Roydon and Netherhall

Roydon and Netherhall


A couple of years ago my research into the old village at Nazeing brought me into contact with a local historian from the Nazeing Historical Society & got me into some very interesting conversations with him. I bought a few of his books as there was so much I wanted to know about Nazeing and it’s long history. While reading one of those books I noticed the briefest of mentions on one page about a 14th century ruin situated on the border with Roydon. Of course this briefest of mentions just wasn’t enough for me, so I immersed myself in yet more research and what I found out was fascinating. What started off as a simple page in a book which caught my attention momentarily, soon lead me to uncover tales of a long forgotten war between Yorkists & Lancastrians and links to Plantagenet and Tudor Royalty.


Although just outside the Epping Forest District, this really is too special not to include here. Tucked away on private property in the grounds of a farm down a small inconspicuous Roydon country lane is a remarkable reminder of the rich history of the village of Roydon and some of it’s more notable well-to-do medieval resident’s now living only in history books. I hope in this article to bring at least some of their story back to the 20th century.

Visible from the roadside, hidden behind the trees beside the entrance road to Nether Hall Farm stands the ruins of Netherhall, Roydon. Netherhall was built in the 14th century during the Wars of the Roses when the Houses of York and Lancaster were battling for control of the English Throne. In medieval Essex this would have been considered the grandest abode of it’s kind. Netherhall was a fortress built with high curtain walls at a time brick was the favoured choice of building material as stone was hard to come by in Essex, behind the fortifications was a large manor house. There was a moat surrounding the entire structure and the large entrance turrets supported a drawbridge to keep marauders out. This was an age where if you had this sort of wealth you defended it.
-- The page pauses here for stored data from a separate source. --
text \<open>The weight \<open>exp (- x / L) \<ge> exp (- 1)\<close> turns its own derivative into damping at rate \<open>2 \<mu>\<close>.\<close>

lemma weight_damping_le:
  assumes "t \<in> {0..T}" "x \<in> {0..L}"
  shows "- (exp (- x / L) / L) * ((a\<^sup>2 - (ub x + u t x)\<^sup>2) * (ux t x)\<^sup>2 + (ut t x)\<^sup>2)
    \<le> - 2 * \<mu> * energy_density t x"
proof -
  define W where "W = (a\<^sup>2 - (ub x + u t x)\<^sup>2) * (ux t x)\<^sup>2 + (ut t x)\<^sup>2"
  have "0 \<le> a\<^sup>2 - (ub x + u t x)\<^sup>2" using sound_speed_pos[OF assms] zero_le_power2[of a] by linarith
  hence "0 \<le> W" unfolding W_def by simp
  have "2 * \<mu> * energy_density t x \<le> 2 * \<mu> * (2 * k * W)"
    using energy_density_bounds(2)[OF assms] constants_pos unfolding W_def by simp
  also have "\<dots> = exp (- 1) / L * W"
    unfolding mu_c_def using k_ge_1 L_pos by (simp add: exp_minus field_simps)
  also have "\<dots> \<le> exp (- x / L) / L * W"
    using weight_bounds[OF assms(2)] \<open>0 \<le> W\<close> L_pos by (intro mult_right_mono divide_right_mono) auto
  finally show ?thesis unfolding W_def by simp
qed

lemma flux_outflow_le: "t \<in> {0..T} \<Longrightarrow> flux t L \<le> exp 1 * k\<^sup>2 * a\<^sup>2 * (g' t)\<^sup>2"
proof -
  assume t: "t \<in> {0..T}"
  have L: "L \<in> {0..L}" using L_pos by simp
  have "(ub L + u t L)\<^sup>2 \<le> a\<^sup>2"
    using flow_nonneg[OF t L] flow_subsonic[OF t L] a_pos by (intro power_mono) auto
  moreover have e: "exp (- L / L) = exp (- 1)" using L_pos by simp
  ultimately show ?thesis unfolding flux_def ut_outflow[OF t] e
    by (intro flux_quadratic_le) (use flow_nonneg[OF t L] k_ge_1 in auto)
qed
lemma v2_esym_odd_succ:
  assumes "0 < n" "odd r" "r < 2 ^ n"
    and bound: "\<And>i. 0 < i \<Longrightarrow> i < r \<Longrightarrow> v2 (esym n i) < n + v2 (esym n (i - 1))"
  shows "v2 (esym n r) + 1 = n + v2 (esym n (r - 1))"
proof -
  obtain r' where r': "r = Suc r'" "even r'"
    using assms(2) by (metis even_Suc oddE odd_Suc_minus_one)
  define N :: nat where "N = 2 ^ n"
  define S where "S = (\<Sum>t<r'. esym n t * int (N - t choose (Suc r' - t)) * (- int N) ^ (Suc r' - t))"
  define X where "X = int N * (int N - int r' - 1) * esym n r'"
  have "2 * esym n r = X + - S"
    using stirling_poly_reflection_even[of r' N] r' assms(3) by (simp add: esym_def X_def S_def N_def)
  have odd: "odd (int N - int r' - 1)"
    using assms(1) r'(2) by (simp add: N_def)
  have "odd x \<Longrightarrow> x \<noteq> 0" for x :: int
    by auto
  then have "int N - int r' - 1 \<noteq> 0"
    using odd by blast
  moreover have "esym n r' \<noteq> 0"
    using r' assms(3) by (simp add: esym_nonzero)
  ultimately have "X \<noteq> 0" "v2 X = n + v2 (esym n r')"
    using v2_odd[OF odd] by (simp_all add: X_def N_def v2_mult)
  moreover have "2 ^ Suc (v2 X) dvd - S"
    unfolding S_def dvd_minus_iff
  proof (intro dvd_sum)
    fix t assume "t \<in> {..<r'}"
    then show "2 ^ Suc (v2 X) dvd esym n t * int (N - t choose (Suc r' - t)) * (- int N) ^ (Suc r' - t)"
      using esym_reflection_term_dvd[of t r' n] bound r' \<open>v2 X = n + v2 (esym n r')\<close> by (simp add: N_def)
  qed
  ultimately have "v2 (2 * esym n r) = v2 X"
    using multiplicity_add_dvd[of X 2 "- S"] \<open>2 * esym n r = X + - S\<close> by simp
  then show ?thesis
    using esym_nonzero[OF assms(3)] \<open>v2 X = n + v2 (esym n r')\<close> r' by (simp add: v2_mult)
qed

lemma esym_even_gap_Suc:
  assumes "0 < n" "esym_even_gap n" "esym_odd_succ_eq n"
  shows "esym_even_gap (Suc n)"
  unfolding esym_even_gap_def
proof (intro allI impI)
  fix r s :: nat
  assume rs: "even r" "even s" "r < s" "s < 2 ^ Suc n"
  show "v2 (esym (Suc n) r) + 2 \<le> Suc n + v2 (esym (Suc n) s)"
  proof (cases "r \<le> 2 ^ n")
    case True
    then show ?thesis
      using v2_esym_lower_half_less[OF assms(1) rs(1)] by simp
  next
    case False
    define r' s' where "r' = r - 2 ^ n" and "s' = s - 2 ^ n"
    have "r = 2 ^ n + r'" "s = 2 ^ n + s'" "r' < s'" "s' < 2 ^ n" "even r'" "even s'"
      using False rs assms(1) by (auto simp: r'_def s'_def)
    moreover have "v2 (esym n r') + 2 \<le> n + v2 (esym n s')"
      using assms(2) calculation by (simp add: esym_even_gap_def)
    ultimately show ?thesis
      using v2_esym_upper_half[OF assms] by simp
  qed
qed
Built into the gatehouse towers were ‘murder holes’ where arrows could be fired and boiling oil poured on attackers trying to force entry.
Historic England gives more detailed information about the construction of the fortifications at Netherhall below.
I had made a flying visit here when I first heard about the site and drove past in 2018 to take a couple of pictures of the ruin but I wanted to go back for a closer look & after studying the OS maps I drew up a walking route that would go right past the site after taking in some of the local countryside and scenery. What follows is the account of my return visit to yet another historic relic from the past hidden away from view which like Latton Priory a lot of people would possibly not even be aware existed.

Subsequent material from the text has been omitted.